After decades of research and advocacy, the Multidisciplinary Association for Psychedelic Studies (MAPS), led by Rick Doblin, has moved into the final stages of its work pushing for MDMA-assisted psychotherapy treatment of post-traumatic stress disorder (PTSD). MAPS and the FDA have agreed on the design of the Phase III trials and, if successful, the drug could be available as a legally prescribed treatment for PTSD sufferers as soon as 2021.
First synthesized in 1912, 3,4-Methylenedioxymethamphetamine (MDMA) was rediscovered in the mid-1970s by pioneering psychopharmacologist Alexander Shulgin. Informal self-trials by Shulgin and his colleagues identified the drug as compellingly psychoactive and possibly useful for psychotherapy.
Learning from the criminalization narrative of LSD, the drug was informally spread around small networks of doctors, psychiatrists and psychiatrists for several years, with many trying to avoid the compound moving into large-scale recreation circles. By the late 1970s and early 1980s, several therapists were using the drug unofficially in treatment, discovering it to have starkly positive effects on patients.
Of course, use of the drug couldn't be contained and it rapidly spread into recreational and party environments. By 1985 the DEA caught up and successfully had the drug classified as Schedule I, despite many protests touting its medical benefits. The stigma of MDMA's illegal status, and its movement through the following era's "rave" scene, effectively froze the ability for scientists to continue working with the drug in clinical conditions.
MAPS was founded in 1986, the very year after MDMA was scheduled, and while its overall purview was to work in promoting clinical research into medical uses for psychedelic substances, one of the primary targets of the organization was the legitimization of MDMA for psychotherapy. Initial studies displayed extraordinary success in MDMA helping patients overcome PTSD when used in conjunction with psychotherapy.
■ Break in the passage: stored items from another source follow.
section \<open>Continuous chains\<close>

definition closing_chain :: "('a::wellorder \<Rightarrow> 'b set \<Rightarrow> 'b set) \<Rightarrow> 'a \<Rightarrow> 'b set" where
  "closing_chain step = wfrec {(x, y). x < y} (\<lambda>f i. \<Union>j<i. step j (f j))"

lemma closing_chain_eq: "closing_chain step i = (\<Union>j<i. step j (closing_chain step j))"
  unfolding closing_chain_def by (subst wfrec[OF wf]) (simp add: cut_apply)

lemma step_closing_chain_subset: "j < i \<Longrightarrow> step j (closing_chain step j) \<subseteq> closing_chain step i"
  by (subst (2) closing_chain_eq) blast

lemma closing_chain_mono:
  assumes "\<And>j b. b \<subseteq> step j b" and "i \<le> j"
  shows "closing_chain step i \<subseteq> closing_chain step j"
  using assms step_closing_chain_subset by (metis le_less order_refl subset_trans)

lemma closing_chain_least_upper_bound:
  fixes I :: "'a::wellorder set"
  assumes "\<And>j b. b \<subseteq> step j b" and "\<forall>i\<in>I. i \<le> z"
  shows "closing_chain step (LEAST z. \<forall>i\<in>I. i \<le> z) = (\<Union>i\<in>I. closing_chain step i)"
    (is "closing_chain step ?t = _")
proof
  have "step j (closing_chain step j) \<subseteq> (\<Union>i\<in>I. closing_chain step i)" if "j < ?t" for j
  proof -
    have "\<not> (\<forall>i\<in>I. i \<le> j)" by (rule not_less_Least[OF that])
    then obtain i where "i \<in> I" "j < i" by (auto simp: not_le)
    then show ?thesis using step_closing_chain_subset[of j i step] by blast
  qed
  then show "closing_chain step ?t \<subseteq> (\<Union>i\<in>I. closing_chain step i)"
    by (subst closing_chain_eq) blast
  have "\<forall>i\<in>I. i \<le> ?t" by (rule LeastI[of "\<lambda>z. \<forall>i\<in>I. i \<le> z", OF assms(2)])
  then show "(\<Union>i\<in>I. closing_chain step i) \<subseteq> closing_chain step ?t"
    by (intro UN_least closing_chain_mono[OF assms(1)]) simp
qed
(* For every positive integer $m$ and prime power $q$, $\sigma(Sp_{2m}(q))=\sigma(S_{2m}(q))$, where $S_{2m}(q)=PSp_{2m}(q)$ is the quotient of $Sp_{2m}(q)$ by its center.
   Context: The covering number $\sigma(G)$ of a group $G$ is the least positive integer $n$ such that $G$ is the union of $n$ proper subgroups, with $\sigma(G)=\infty$ if no finite such union exists. $Sp_{2m}(q)$ is the symplectic group of a nondegenerate alternating form on $\mathbb{F}_q^{2m}$. *)

theory Defs
  imports "Jordan_Normal_Form.Matrix" "HOL-Algebra.Coset" "HOL-Library.Extended_Nat"
begin

definition covering_number :: "('g, 'b) monoid_scheme \<Rightarrow> enat" where
  "covering_number G =
     (if \<exists>n. \<exists>\<H>. finite \<H> \<and> card \<H> = n \<and>
              (\<forall>H\<in>\<H>. subgroup H G \<and> H \<noteq> carrier G) \<and> \<Union>\<H> = carrier G
      then enat (LEAST n. \<exists>\<H>. finite \<H> \<and> card \<H> = n \<and>
              (\<forall>H\<in>\<H>. subgroup H G \<and> H \<noteq> carrier G) \<and> \<Union>\<H> = carrier G)
      else \<infinity>)"

definition group_center :: "('g, 'b) monoid_scheme \<Rightarrow> 'g set" where
  "group_center G = {z \<in> carrier G. \<forall>g \<in> carrier G. z \<otimes>\<^bsub>G\<^esub> g = g \<otimes>\<^bsub>G\<^esub> z}"

text \<open>Gram matrix of the standard nondegenerate alternating form on K^(2m):
  J = [[0, I_m], [-I_m, 0]].\<close>
definition symp_J :: "nat \<Rightarrow> 'a :: field mat" where
  "symp_J m = mat (2*m) (2*m) (\<lambda>(i,j).
      if i < m \<and> j = i + m then 1
      else if m \<le> i \<and> j + m = i then - 1 else 0)"

definition Sp :: "nat \<Rightarrow> 'a :: field mat monoid" where
  "Sp m = \<lparr> carrier = {A \<in> carrier_mat (2*m) (2*m).
                         transpose_mat A * symp_J m * A = symp_J m},
            mult = (*), one = 1\<^sub>m (2*m) \<rparr>"
lemma chain_complete_imp_Hausdorff_coarse_wedge:
  assumes tree: "is_tree T" and cc: "chain_complete T"
  shows "Hausdorff_space (coarse_wedge_topology T)"
  unfolding Hausdorff_space_def topspace_coarse_wedge_topology[OF tree]
proof (intro allI impI)
  fix s t assume "s \<in> T \<and> t \<in> T \<and> s \<noteq> t"
  then have st: "s \<in> T" "t \<in> T" "s \<noteq> t" by auto
  let ?X = "coarse_wedge_topology T"
  consider "s < t" | "t < s" | "\<not> s \<le> t" "\<not> t \<le> s"
    using st(3) by (auto simp: less_le)
  then show "\<exists>U W. openin ?X U \<and> openin ?X W \<and> s \<in> U \<and> t \<in> W \<and> disjnt U W"
  proof cases
    case 1
    then show ?thesis using coarse_wedge_separates_less[OF tree st(1,2)] by blast
  next
    case 2
    then show ?thesis using coarse_wedge_separates_less[OF tree st(2,1)] by (meson disjnt_sym)
  next
    case 3
    then obtain a b where ab: "subbasic_node T a" "subbasic_node T b" "a \<le> s" "b \<le> t"
      "\<not> a \<le> b" "\<not> b \<le> a"
      using chain_complete_tree_separating_subbasic_nodes[OF tree cc st(1,2)] by blast
    then have "disjnt (V T a) (V T b)"
      using V_disjoint_if_incomparable[OF tree] subbasic_node_in unfolding disjnt_def by blast
    moreover have "s \<in> V T a" "t \<in> V T b" using ab st unfolding V_def by auto
    ultimately show ?thesis using openin_V ab(1,2) by blast
  qed
qed

text \<open>The supremum of the chain of nodes u with T - V u in the cover is not in any of these
  complements, so it lies in some V t with t below one of the u.\<close>
lemma coarse_wedge_subbase_cover_chain_of_complements:
  assumes tree: "is_tree T" and cc: "chain_complete T"
    and C: "C \<subseteq> coarse_wedge_subbase T" "T \<subseteq> \<Union>C"
    and B: "B = {u. subbasic_node T u \<and> T - V T u \<in> C}" "B \<noteq> {}"
      "\<forall>x\<in>B. \<forall>y\<in>B. x \<le> y \<or> y \<le> x"
  shows "\<exists>t u. V T t \<in> C \<and> u \<in> B \<and> t \<le> u"
proof -
  have BT: "B \<subseteq> T" using B(1) subbasic_node_in by blast
  obtain \<sigma> where \<sigma>: "lub_in T B \<sigma>"
    using cc[unfolded chain_complete_iff_lub_in, rule_format, OF BT B(2)] B(3) by blast
  then obtain K where K: "K \<in> C" "\<sigma> \<in> K" using C(2) unfolding lub_in_def by blast
  from K(1) C(1) have "K \<in> coarse_wedge_subbase T" by blast
  then show ?thesis
  proof (cases rule: coarse_wedge_subbase_cases)
    case (1 t)
    then have t: "t \<in> T" "t \<le> \<sigma>" using K(2) subbasic_node_in unfolding V_def by auto
    show ?thesis
    proof (cases "\<forall>u\<in>B. u \<le> t")
      case True
      then have "t = \<sigma>" using \<sigma> t unfolding lub_in_def by (auto intro: order.antisym)
      then have "t \<in> B" using lub_in_mem_if_subbasic_node[OF \<sigma> _ BT B(2)] 1(1) by blast
      then show ?thesis using 1(2) K(1) by blast
    next
      case False
      then obtain u where u: "u \<in> B" "\<not> u \<le> t" by blast
      then have "t \<le> u"
        using tree_below_comparable[OF tree _ t(1), of \<sigma> u] \<sigma> BT t(2) unfolding lub_in_def by blast
      then show ?thesis using u(1) 1(2) K(1) by blast
    qed
  next
    case (2 t)
    then have "t \<in> B" using K(1) B(1) by blast
    then have "\<sigma> \<in> V T t" using \<sigma> unfolding lub_in_def V_def by blast
    then show ?thesis using K(2) 2(2) by blast
  qed
qed
lemma vdot_commute: "vdot a b = vdot b a"
  by (simp add: vdot_def mult.commute)

lemma vdot_vcross_cyclic: "vdot (vcross a b) c = vdot (vcross b c) a"
  by (simp add: vdot_def vcross_def algebra_simps)

lemma vdot_vcross_self: "vdot (vcross a b) a = 0" "vdot (vcross a b) b = 0"
  by (simp_all add: vdot_def vcross_def algebra_simps)

lemma vcross_cong: "(\<And>k. k < 3 \<Longrightarrow> a k = a' k) \<Longrightarrow> vcross a b = vcross a' b"
  by (simp add: vcross_def fun_eq_iff)

lemma vcross_vcross: "k < 3 \<Longrightarrow> vcross (vcross a b) c k = vdot a c * b k - vdot b c * a k"
  by (erule less3_cases) (simp_all add: vdot_def vcross_def algebra_simps)

lemma lagrange_identity:
  "vdot a a * vdot b b - vdot a b * vdot a b = vdot (vcross a b) (vcross a b)"
  by (simp add: vdot_def vcross_def algebra_simps)

lemma gram_expansion:
  "k < 3 \<Longrightarrow> (vdot a a * vdot b b - vdot a b * vdot a b) * c k =
     (vdot c a * vdot b b - vdot c b * vdot a b) * a k
     + (vdot c b * vdot a a - vdot c a * vdot a b) * b k
     + vdot (vcross a b) c * vcross a b k"
  by (erule less3_cases) (simp_all add: vdot_def vcross_def algebra_simps)

lemma triple_product_expansion:
  "k < 3 \<Longrightarrow> vdot (vcross a b) c * e k =
     vdot a e * vcross b c k + vdot b e * vcross c a k + vdot c e * vcross a b k"
  by (erule less3_cases) (simp_all add: vdot_def vcross_def algebra_simps)

lemma moment_identity:
  fixes p q r s :: "nat \<Rightarrow> real"
  assumes "l < 3" and "vdot p p = 1" "vdot q p = 0" "vdot r p = 0" "vdot s p = - vdot q r"
  shows "vdot r r * q l = vcross (vcross r s) p l + vdot (vcross p q) r * vcross r p l"
proof -
  have "vcross (vcross r s) p l + vdot (vcross p q) r * vcross r p l - vdot r r * vdot p p * q l
      = s l * vdot r p - r l * vdot s p - vdot q r * vdot p p * r l - vdot r p * vdot r p * q l
        - vdot q p * vcross (vcross r p) r l + vdot q r * vdot r p * p l"
    using \<open>l < 3\<close> by (elim less3_cases) (simp_all add: vdot_def vcross_def algebra_simps)
  with assms(2-) show ?thesis
    by simp
qed

lemma re_vdot: "re (vdot a b) = vdot (\<lambda>k. re (a k)) (\<lambda>k. re (b k))"
  and du_vdot: "du (vdot a b) =
     vdot (\<lambda>k. re (a k)) (\<lambda>k. du (b k)) + vdot (\<lambda>k. du (a k)) (\<lambda>k. re (b k))"
  by (simp_all add: vdot_def algebra_simps)

lemma re_vcross: "re (vcross a b k) = vcross (\<lambda>k. re (a k)) (\<lambda>k. re (b k)) k"
  by (simp add: vcross_def)

lemma vdot_self_pos:
  fixes p :: "nat \<Rightarrow> real"
  assumes "\<exists>k<3. p k \<noteq> 0"
  shows "vdot p p > 0"
proof -
  obtain k where "k < 3" "p k \<noteq> 0"
    using assms by blast
  then have "0 < (\<Sum>i<3. (p i)\<^sup>2)"
    by (intro sum_pos2[of _ k]) auto
  then show ?thesis
    by (simp add: vdot_def sum3 power2_eq_square)
qed

lemma real3_inj_imp_surj:
  fixes R :: "nat \<Rightarrow> nat \<Rightarrow> real"
  assumes inj: "\<And>c. \<forall>k<3. (\<Sum>i<3. c i * R i k) = 0 \<Longrightarrow> \<forall>i<3. c i = 0"
  shows "\<exists>c. \<forall>k<3. (\<Sum>i<3. c i * R i k) = t k"
proof -
  define f :: "real \<times> real \<times> real \<Rightarrow> real \<times> real \<times> real" where
    "f v = (case v of (x, y, z) \<Rightarrow> (x * R 0 0 + y * R 1 0 + z * R 2 0,
       x * R 0 1 + y * R 1 1 + z * R 2 1, x * R 0 2 + y * R 1 2 + z * R 2 2))" for v
  define vec :: "real \<times> real \<times> real \<Rightarrow> nat \<Rightarrow> real" where
    "vec v i = (if i = 0 then fst v else if i = 1 then fst (snd v) else snd (snd v))" for v i
  have f_vec: "f v = (\<Sum>i<3. vec v i * R i 0, \<Sum>i<3. vec v i * R i 1, \<Sum>i<3. vec v i * R i 2)"
    for v by (cases v) (simp add: f_def vec_def sum3)
  have "linear f"
  proof (rule linearI)
    show "f (v + w) = f v + f w" for v w
      by (cases v; cases w) (simp add: f_def algebra_simps)
    show "f (r *\<^sub>R v) = r *\<^sub>R f v" for r v
      by (cases v) (simp add: f_def algebra_simps)
  qed
  moreover have "inj f"
    unfolding linear_injective_0[OF \<open>linear f\<close>]
  proof (intro allI impI)
    fix v assume "f v = 0"
    then have "\<forall>k<3. (\<Sum>i<3. vec v i * R i k) = 0"
      unfolding f_vec all3 zero_prod_def by simp
    then have "\<forall>i<3. vec v i = 0"
      by (rule inj)
    then show "v = 0"
      by (cases v) (simp add: all3 vec_def zero_prod_def)
  qed
  ultimately obtain v where "f v = (t 0, t 1, t 2)"
    by (metis linear_injective_imp_surjective surjD)
  then show ?thesis
    by (intro exI[of _ "vec v"]) (simp add: f_vec all3)
qed

section \<open>Modules over the dual numbers with a scalar product\<close>

lemma dindep2_commute: "dindep2 smul x y \<Longrightarrow> dindep2 smul y x"
  unfolding dindep2_def by (metis add.commute)

locale dual_euclidean_module = module smul
  for smul :: "dual \<Rightarrow> 'm::ab_group_add \<Rightarrow> 'm" +
  fixes sp :: "'m \<Rightarrow> 'm \<Rightarrow> dual" and OR :: "(nat \<Rightarrow> 'm) set"
  assumes scalar_product: "scalar_product smul sp"
    and oriented: "orientation smul OR"
begin

lemma sp_commute: "sp x y = sp y x"
  and sp_add_left: "sp (x + y) z = sp x z + sp y z"
  and sp_scale_left: "sp (smul a x) y = a * sp x y"
  and re_sp_self_eq_0_iff: "re (sp x x) = 0 \<longleftrightarrow> x \<in> epsM smul"
  using scalar_product unfolding scalar_product_def by blast+

lemma re_sp_self_pos: "x \<notin> epsM smul \<Longrightarrow> re (sp x x) > 0"
  using scalar_product re_sp_self_eq_0_iff unfolding scalar_product_def
  by (metis order_le_less)

lemma sp_add_right: "sp z (x + y) = sp z x + sp z y"
  and sp_scale_right: "sp y (smul a x) = a * sp y x"
  by (metis sp_commute sp_add_left, metis sp_commute sp_scale_left)

lemma sp_minus_left: "sp (- x) y = - sp x y"
  and sp_minus_right: "sp y (- x) = - sp y x"
  using sp_scale_left[of "-1" x y] sp_scale_right[of y "-1" x] by simp_all

lemma sp_diff_left: "sp (x - z) y = sp x y - sp z y"
  and sp_diff_right: "sp y (x - z) = sp y x - sp y z"
  using sp_add_left[of x "- z" y] sp_add_right[of y x "- z"]
  by (simp_all add: sp_minus_left sp_minus_right)

lemma sp_zero_left [simp]: "sp 0 y = 0"
  and sp_zero_right [simp]: "sp y 0 = 0"
  using sp_diff_left[of 0 0 y] sp_diff_right[of y 0 0] by simp_all

lemma sp_sum_left: "sp (sum f A) y = (\<Sum>a\<in>A. sp (f a) y)"
  and sp_sum_right: "sp y (sum f A) = (\<Sum>a\<in>A. sp y (f a))"
  by (induction A rule: infinite_finite_induct) (simp_all add: sp_add_left sp_add_right)
(* Let $\mu=\prod_{n=1}^{\infty}\nu_n$ be a centered probability measure on $[0,1]^{\mathbb{N}}$ (in the sense defined in the context). Then $\mu(\mathcal{C}_I)=0$; that is, for $\mu$-almost every sequence $(p_i)_{i=1}^\infty$ the Condorcet Jury Property fails.
   Context: For a sequence $(p_i)_{i=1}^\infty\in[0,1]^{\mathbb{N}}$ let $X_1,X_2,\dots$ be independent random variables with values in $\{0,1\}$ and $\mathbb{P}(X_i=1)=p_i$. The sequence satisfies the Condorcet Jury Property (CJP) if $\lim_{n\to\infty,\ n\text{ odd}}\mathbb{P}\left(\sum_{i=1}^n X_i>\frac n2\right)=1$. $\mathcal{C}_I\subset[0,1]^{\mathbb{N}}$ denotes the set of sequences satisfying the CJP. All measures are Borel probability measures; $\nu\ll\nu'$ denotes absolute continuity. Hellinger integral: for probability measures $\nu,\nu'$ on $[0,1]$, $H(\nu,\nu')=\int_{[0,1]}\sqrt{\frac{d\nu}{d\tau}\frac{d\nu'}{d\tau}}\,d\tau$ for any measure $\tau$ with $\nu,\nu'\ll\tau$. Class $\mathcal{D}$: a function $d$ on pairs of probability measures on $[0,1]$ which is either a divergence ($d(\nu,\nu')\ge 0$ with equality iff $\nu=\nu'$) or a distance (a metric) belongs to $\mathcal{D}$ if there is a constant $C>0$ with $1-H(\nu,\nu')\le C\, d(\nu,\nu')$ for all $\nu,\nu'$. (E.g. total variation distance and Kullback–Leibler divergence belong to $\mathcal{D}$.) Centered measure: a product probability measure $\mu=\prod_{n=1}^\infty\nu_n$ on $[0,1]^{\mathbb{N}}$ is centered if there is a probability measure $\nu_0$ on $[0,1]$ such that $\nu_n\ll\nu_0$ for all $n\ge1$, $\int_{[0,1]}x\,d\nu_0(x)=\frac12$, and $\sum_{n=1}^\infty d(\nu_n,\nu_0)<\infty$ for some $d\in\mathcal{D}$. *)

theory Defs
  imports "HOL-Probability.Probability"
begin
lemma prob_offdiag_row_norm_gt_bound:
  fixes t :: real
  assumes i: "i < n" and v: "0 < v" and m: "1 \<le> m" and small: "6 * (exp 1)\<^sup>2 * n * v \<le> 1"
    and t: "6 \<le> t" and ratio: "96 * (ln m)\<^sup>2 / (ln (1 / (6 * exp 1 * n * v)))\<^sup>2 \<le> t"
  shows "prob {x \<in> space M. (4 + 5 * t) * n * m * v\<^sup>2 < offdiag_row_norm n m (\<lambda>i j. X i j x) i}
         \<le> sqrt t * exp (- (sqrt t * n * m * v\<^sup>2 / (10 * sqrt 6))) + 3 * n powr (- (sqrt t / (2 * sqrt 6)))"
proof -
  define K where "K = sqrt t / (2 * sqrt 6)"
  define l where "l = ln (1 / (6 * exp 1 * v))"
  have n: "1 \<le> n" and K: "0 < K" using i t unfolding K_def by auto
  have "6 * exp 1 * n * v < 6 * (exp 1)\<^sup>2 * n * v"
    using n v by (simp add: power2_eq_square)
  then have "6 * exp 1 * n * v < 1"
    using small by linarith
  then have "0 < ln (1 / (6 * exp 1 * n * v))"
    using n v by simp
  from le_of_sq_ratio_le[OF this ratio]
  have lnm: "ln m \<le> K * ln (1 / (6 * exp 1 * n * v))"
    unfolding K_def .
  note entry = entry_tail_bound_le[OF v n m less_imp_le[OF \<open>6 * exp 1 * n * v < 1\<close>] lnm, folded l_def]
  have "prob {x \<in> space M. (4 + 5 * t) * n * m * v\<^sup>2 < offdiag_row_norm n m (\<lambda>i j. X i j x) i}
      \<le> m * (exp (3 * v * (exp l - 1)) / exp (l * K))
        + exp ((m * v * (exp (3 * (exp 1 - 1) * n * v) - 1) - (4 + 5 * t) * n * m * v\<^sup>2) / K)"
    by (rule prob_offdiag_row_norm_gt[OF i K entry(1)])
  also have "\<dots> \<le> 3 * n powr (- K) + exp (- (sqrt t * n * m * v\<^sup>2 / (10 * sqrt 6)))"
    using entry(2) column_exponent_le[OF less_imp_le[OF v] small t, of m] i
    unfolding K_def by (intro add_mono) auto
  also have "\<dots> \<le> 3 * n powr (- K) + sqrt t * exp (- (sqrt t * n * m * v\<^sup>2 / (10 * sqrt 6)))"
    using t by (simp add: mult_le_cancel_right1)
  finally show ?thesis unfolding K_def by simp
qed

end

text \<open>The locale requires every entry to be measurable, not only those in range; padding by 0
  provides this.\<close>

lemma (in prob_space) sub_poisson_matrix_padded:
  assumes indep: "indep_vars (\<lambda>_. borel) (\<lambda>(i, j). X i j) ({0..<n} \<times> {0..<m})"
    and "\<And>i j. i < n \<Longrightarrow> j < m \<Longrightarrow> sub_poisson M (X i j) v"
    and "\<And>i j. i < n \<Longrightarrow> j < m \<Longrightarrow> expectation (\<lambda>x. \<bar>X i j x\<bar>) \<le> v"
  shows "sub_poisson_matrix M (\<lambda>i j. if i < n \<and> j < m then X i j else (\<lambda>_. 0)) n m v"
proof (intro sub_poisson_matrix.intro sub_poisson_matrix_axioms.intro)
  show "indep_vars (\<lambda>_. borel) (\<lambda>(i, j). if i < n \<and> j < m then X i j else (\<lambda>_. 0)) ({0..<n} \<times> {0..<m})"
    using indep by (subst indep_vars_cong) auto
qed (use assms prob_space_axioms in \<open>auto simp: indep_vars_def\<close>)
After several Phase II studies were conducted around the world, it was found that 68 percent of subjects were considered free of PTSD symptoms up to twelve months after a twelve-week treatment. All Phase II subjects were selected for having chronic, treatment-resitant PTSD and suffered from the condition for an average of over 17 years.
The structure of the Phase III trial is set to mirror most of the early studies. Over a twelve-week treatment period, patients will undergo three, day-long MDMA-assisted psychotherapy sessions, alongside twelve preparatory and integration therapy sessions. Participants will be randomized against a control group, who will undergo the same process but receive a placebo.
In addition to this final phase approval, the FDA has granted these trials a Breakthrough Therapy Designation. This FDA qualification is given to drugs that preliminary trials have demonstrated offer substantial improvements over current treatments and allows the approval process to be expedited in a more timely and efficient way than usual.
All things going well, MAPS estimates the MDMA-assisted, PTSD treatment could become an approved prescription medicine by 2021. As well as offering a revolution in treatment for those suffering from PTSD, this would mark a breakthrough in the legitimization of psychedelic medicines. A variety of scheduled drugs stigmatized through recreational uses are currently being examined for their medical potential, and this achievement by MAPS will hopefully remove the taboo that has frozen so much clinical research for so many years.